> [TASK TO COMPLETE]:
Copy all of the material below, line for line.
[Opening DATA FOR THIS TASK section]
lemma qac_monos_downward_closed:
  assumes e: "e \<in> qac_monos n K \<delta> s d" and f: "\<forall>i. f i \<le> e i"
  shows "f \<in> qac_monos n K \<delta> s d"
proof -
  have "f i = 0" if "i \<notin> {1..n}" for i
    using e f[rule_format, of i] that unfolding qac_monos_def by simp
  moreover have "(\<Sum>i=1..n. f i) \<le> (\<Sum>i=1..n. e i)"
    using f by (intro sum_mono) auto
  moreover have "int (f s) \<le> int (e s)"
    using f by simp
  ultimately show ?thesis
    using e unfolding qac_monos_def by auto
qed

lemma finite_qac_monos: "finite (qac_monos n K \<delta> s d)"
proof (rule finite_subset)
  show "qac_monos n K \<delta> s d \<subseteq> exp_box n (\<lambda>_. {..d})"
    unfolding qac_monos_def exp_box_def
    by (auto intro: order_trans[OF member_le_sum])
qed (simp add: finite_exp_box)

lemma sum_qac_corner:
  "s \<in> {1..n} \<Longrightarrow> (\<Sum>i=1..n. qac_corner n K \<delta> s i) = (\<Sum>i\<in>{1..n}-{s}. card (K i) - 1) + (card (K s) - \<delta>)"
  by (simp add: qac_corner_def sum.remove)

lemma qac_corner_in_box: "qac_corner n K \<delta> s \<in> exp_box n (\<lambda>i. {..qac_corner n K \<delta> s i})"
  by (simp add: exp_box_def qac_corner_def)

context grid_enum
begin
[Closing DATA FOR THIS TASK section]
> [EXPECTED OUTPUT]:
lemma qac_monos_downward_closed:
  assumes e: "e \<in> qac_monos n K \<delta> s d" and f: "\<forall>i. f i \<le> e i"
  shows "f \<in> qac_monos n K \<delta> s d"
proof -
  have "f i = 0" if "i \<notin> {1..n}" for i
    using e f[rule_format, of i] that unfolding qac_monos_def by simp
  moreover have "(\<Sum>i=1..n. f i) \<le> (\<Sum>i=1..n. e i)"
    using f by (intro sum_mono) auto
  moreover have "int (f s) \<le> int (e s)"
    using f by simp
  ultimately show ?thesis
    using e unfolding qac_monos_def by auto
qed

lemma finite_qac_monos: "finite (qac_monos n K \<delta> s d)"
proof (rule finite_subset)
  show "qac_monos n K \<delta> s d \<subseteq> exp_box n (\<lambda>_. {..d})"
    unfolding qac_monos_def exp_box_def
    by (auto intro: order_trans[OF member_le_sum])
qed (simp add: finite_exp_box)

lemma sum_qac_corner:
  "s \<in> {1..n} \<Longrightarrow> (\<Sum>i=1..n. qac_corner n K \<delta> s i) = (\<Sum>i\<in>{1..n}-{s}. card (K i) - 1) + (card (K s) - \<delta>)"
  by (simp add: qac_corner_def sum.remove)

lemma qac_corner_in_box: "qac_corner n K \<delta> s \<in> exp_box n (\<lambda>i. {..qac_corner n K \<delta> s i})"
  by (simp add: exp_box_def qac_corner_def)

context grid_enum
begin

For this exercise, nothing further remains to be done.